_REQUIRED ACTION_. The output must match the entries below exactly.

EXERCISE DATA below:

lemma
  assumes "prob_on_Q M"
  shows measurable_fst_prob_on_Q: "fst \<in> measurable M lborel"
    and prob_space_x_marginal: "prob_space (x_marginal M)"
proof -
  interpret prob_space M using assms unfolding prob_on_Q_def by simp
  show m: "fst \<in> measurable M lborel"
    using measurable_fst_borel assms unfolding prob_on_Q_def by (subst measurable_cong_sets[of _ borel lborel borel]) simp_all
  show "prob_space (x_marginal M)" unfolding x_marginal_def by (rule prob_space_distr[OF m])
qed

lemma integral_close_to_x_marginal:
  assumes M: "prob_on_Q M" and h: "bounded_borel h 1"
    and m: "m \<in> borel_measurable borel" and m_bound: "\<And>x. \<bar>m x\<bar> \<le> 1"
    and close: "\<And>p. p \<in> unit_sq \<Longrightarrow> \<bar>h p - m (fst p)\<bar> \<le> e"
  shows "\<bar>(\<integral>p. h p \<partial>M) - (\<integral>x. m x \<partial>x_marginal M)\<bar> \<le> e"
proof -
  interpret prob_space M using M unfolding prob_on_Q_def by simp
  note fin = prob_on_Q_finite_measure[OF M]
  have "m \<in> borel_measurable lborel" using m by simp
  from measurable_compose[OF measurable_fst_prob_on_Q[OF M] this]
  have mfst: "(\<lambda>p. m (fst p)) \<in> borel_measurable M" .
  have ih: "integrable M h" by (rule bounded_borel_integrable[OF fin h])
  have im: "integrable M (\<lambda>p. m (fst p))" using m_bound mfst by (intro integrable_const_bound[where B=1]) auto
  have "(\<integral>x. m x \<partial>x_marginal M) = (\<integral>p. m (fst p) \<partial>M)"
    unfolding x_marginal_def by (rule integral_distr[OF measurable_fst_prob_on_Q[OF M]]) (use m in simp)
  moreover have "prob unit_sq = 1" using M unfolding prob_on_Q_def measure_def by simp
  then have "AE p in M. p \<in> unit_sq" by (rule AE_prob_1)
  then have ae: "AE p in M. \<bar>h p - m (fst p)\<bar> \<le> e" by eventually_elim (rule close)
  have d: "integrable M (\<lambda>p. h p - m (fst p))" using ih im by simp
  have "(\<integral>p. h p - m (fst p) \<partial>M) \<le> e"
    by (intro integral_le_const[OF d]) (use ae in \<open>rule eventually_mono, simp add: abs_le_iff\<close>)
  moreover have "- e \<le> (\<integral>p. h p - m (fst p) \<partial>M)"
    by (intro integral_ge_const[OF d]) (use ae in \<open>rule eventually_mono, simp add: abs_le_iff\<close>)
  ultimately show ?thesis using ih im by (simp add: abs_le_iff)
qed

lemma integral_diff_le_V_dist:
  assumes K: "K > 0" and M: "prob_on_Q M" and N: "prob_on_Q N"
    and h: "bounded_borel h 1" and avg: "vert_avg_fun K h = h" and reg: "vert_regular h c d" and c: "0 \<le> c"
  shows "\<bar>(\<integral>p. h p \<partial>M) - (\<integral>p. h p \<partial>N)\<bar> \<le> c + d + V_dist (x_marginal M) (x_marginal N)"
proof -
  obtain m where m: "m \<in> borel_measurable borel" "\<And>x. \<bar>m x\<bar> \<le> 1"
    and close: "\<And>p. p \<in> unit_sq \<Longrightarrow> \<bar>h p - m (fst p)\<bar> \<le> (c + d) / 2"
    using approx_by_fun_of_fst[OF K h avg reg c] by blast
  have V: "\<bar>(\<integral>x. m x \<partial>x_marginal M) - (\<integral>x. m x \<partial>x_marginal N)\<bar> \<le> V_dist (x_marginal M) (x_marginal N)"
    using prob_space_x_marginal[OF M] prob_space_x_marginal[OF N] m
    by (intro V_dist_ge) (simp_all add: x_marginal_def)
  have A: "\<bar>(\<integral>p. h p \<partial>M) - (\<integral>x. m x \<partial>x_marginal M)\<bar> \<le> (c + d) / 2"
    by (rule integral_close_to_x_marginal[OF M h m]) (rule close)
  have B: "\<bar>(\<integral>p. h p \<partial>N) - (\<integral>x. m x \<partial>x_marginal N)\<bar> \<le> (c + d) / 2"
    by (rule integral_close_to_x_marginal[OF N h m]) (rule close)
  have "(c + d) / 2 + (c + d) / 2 = c + d" by simp
  then show ?thesis
    using abs_le_D1[OF V] abs_le_D2[OF V] abs_le_D1[OF A] abs_le_D2[OF A] abs_le_D1[OF B] abs_le_D2[OF B]
    by (intro abs_leI) linarith+
qed

lemma W_dist_le:
  assumes "\<And>g. \<forall>p\<in>unit_sq. \<forall>q\<in>unit_sq. \<bar>g p - g q\<bar> \<le> dist_sup p q \<Longrightarrow> \<forall>p\<in>unit_sq. \<bar>g p\<bar> \<le> 1 \<Longrightarrow>
      \<bar>(\<integral>p. indicator unit_sq p * g p \<partial>M) - (\<integral>p. indicator unit_sq p * g p \<partial>N)\<bar> \<le> B"
  shows "W_dist M N \<le> B"
  unfolding W_dist_def using assms by (intro cSUP_least) (auto intro!: exI[of _ "\<lambda>_. 0"] simp: dist_sup_def)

End of EXERCISE DATA.

_RESPONSE TO THE TASK_.
lemma
  assumes "prob_on_Q M"
  shows measurable_fst_prob_on_Q: "fst \<in> measurable M lborel"
    and prob_space_x_marginal: "prob_space (x_marginal M)"
proof -
  interpret prob_space M using assms unfolding prob_on_Q_def by simp
  show m: "fst \<in> measurable M lborel"
    using measurable_fst_borel assms unfolding prob_on_Q_def by (subst measurable_cong_sets[of _ borel lborel borel]) simp_all
  show "prob_space (x_marginal M)" unfolding x_marginal_def by (rule prob_space_distr[OF m])
qed

lemma integral_close_to_x_marginal:
  assumes M: "prob_on_Q M" and h: "bounded_borel h 1"
    and m: "m \<in> borel_measurable borel" and m_bound: "\<And>x. \<bar>m x\<bar> \<le> 1"
    and close: "\<And>p. p \<in> unit_sq \<Longrightarrow> \<bar>h p - m (fst p)\<bar> \<le> e"
  shows "\<bar>(\<integral>p. h p \<partial>M) - (\<integral>x. m x \<partial>x_marginal M)\<bar> \<le> e"
proof -
  interpret prob_space M using M unfolding prob_on_Q_def by simp
  note fin = prob_on_Q_finite_measure[OF M]
  have "m \<in> borel_measurable lborel" using m by simp
  from measurable_compose[OF measurable_fst_prob_on_Q[OF M] this]
  have mfst: "(\<lambda>p. m (fst p)) \<in> borel_measurable M" .
  have ih: "integrable M h" by (rule bounded_borel_integrable[OF fin h])
  have im: "integrable M (\<lambda>p. m (fst p))" using m_bound mfst by (intro integrable_const_bound[where B=1]) auto
  have "(\<integral>x. m x \<partial>x_marginal M) = (\<integral>p. m (fst p) \<partial>M)"
    unfolding x_marginal_def by (rule integral_distr[OF measurable_fst_prob_on_Q[OF M]]) (use m in simp)
  moreover have "prob unit_sq = 1" using M unfolding prob_on_Q_def measure_def by simp
  then have "AE p in M. p \<in> unit_sq" by (rule AE_prob_1)
  then have ae: "AE p in M. \<bar>h p - m (fst p)\<bar> \<le> e" by eventually_elim (rule close)
  have d: "integrable M (\<lambda>p. h p - m (fst p))" using ih im by simp
  have "(\<integral>p. h p - m (fst p) \<partial>M) \<le> e"
    by (intro integral_le_const[OF d]) (use ae in \<open>rule eventually_mono, simp add: abs_le_iff\<close>)
  moreover have "- e \<le> (\<integral>p. h p - m (fst p) \<partial>M)"
    by (intro integral_ge_const[OF d]) (use ae in \<open>rule eventually_mono, simp add: abs_le_iff\<close>)
  ultimately show ?thesis using ih im by (simp add: abs_le_iff)
qed

lemma integral_diff_le_V_dist:
  assumes K: "K > 0" and M: "prob_on_Q M" and N: "prob_on_Q N"
    and h: "bounded_borel h 1" and avg: "vert_avg_fun K h = h" and reg: "vert_regular h c d" and c: "0 \<le> c"
  shows "\<bar>(\<integral>p. h p \<partial>M) - (\<integral>p. h p \<partial>N)\<bar> \<le> c + d + V_dist (x_marginal M) (x_marginal N)"
proof -
  obtain m where m: "m \<in> borel_measurable borel" "\<And>x. \<bar>m x\<bar> \<le> 1"
    and close: "\<And>p. p \<in> unit_sq \<Longrightarrow> \<bar>h p - m (fst p)\<bar> \<le> (c + d) / 2"
    using approx_by_fun_of_fst[OF K h avg reg c] by blast
  have V: "\<bar>(\<integral>x. m x \<partial>x_marginal M) - (\<integral>x. m x \<partial>x_marginal N)\<bar> \<le> V_dist (x_marginal M) (x_marginal N)"
    using prob_space_x_marginal[OF M] prob_space_x_marginal[OF N] m
    by (intro V_dist_ge) (simp_all add: x_marginal_def)
  have A: "\<bar>(\<integral>p. h p \<partial>M) - (\<integral>x. m x \<partial>x_marginal M)\<bar> \<le> (c + d) / 2"
    by (rule integral_close_to_x_marginal[OF M h m]) (rule close)
  have B: "\<bar>(\<integral>p. h p \<partial>N) - (\<integral>x. m x \<partial>x_marginal N)\<bar> \<le> (c + d) / 2"
    by (rule integral_close_to_x_marginal[OF N h m]) (rule close)
  have "(c + d) / 2 + (c + d) / 2 = c + d" by simp
  then show ?thesis
    using abs_le_D1[OF V] abs_le_D2[OF V] abs_le_D1[OF A] abs_le_D2[OF A] abs_le_D1[OF B] abs_le_D2[OF B]
    by (intro abs_leI) linarith+
qed

lemma W_dist_le:
  assumes "\<And>g. \<forall>p\<in>unit_sq. \<forall>q\<in>unit_sq. \<bar>g p - g q\<bar> \<le> dist_sup p q \<Longrightarrow> \<forall>p\<in>unit_sq. \<bar>g p\<bar> \<le> 1 \<Longrightarrow>
      \<bar>(\<integral>p. indicator unit_sq p * g p \<partial>M) - (\<integral>p. indicator unit_sq p * g p \<partial>N)\<bar> \<le> B"
  shows "W_dist M N \<le> B"
  unfolding W_dist_def using assms by (intro cSUP_least) (auto intro!: exI[of _ "\<lambda>_. 0"] simp: dist_sup_def)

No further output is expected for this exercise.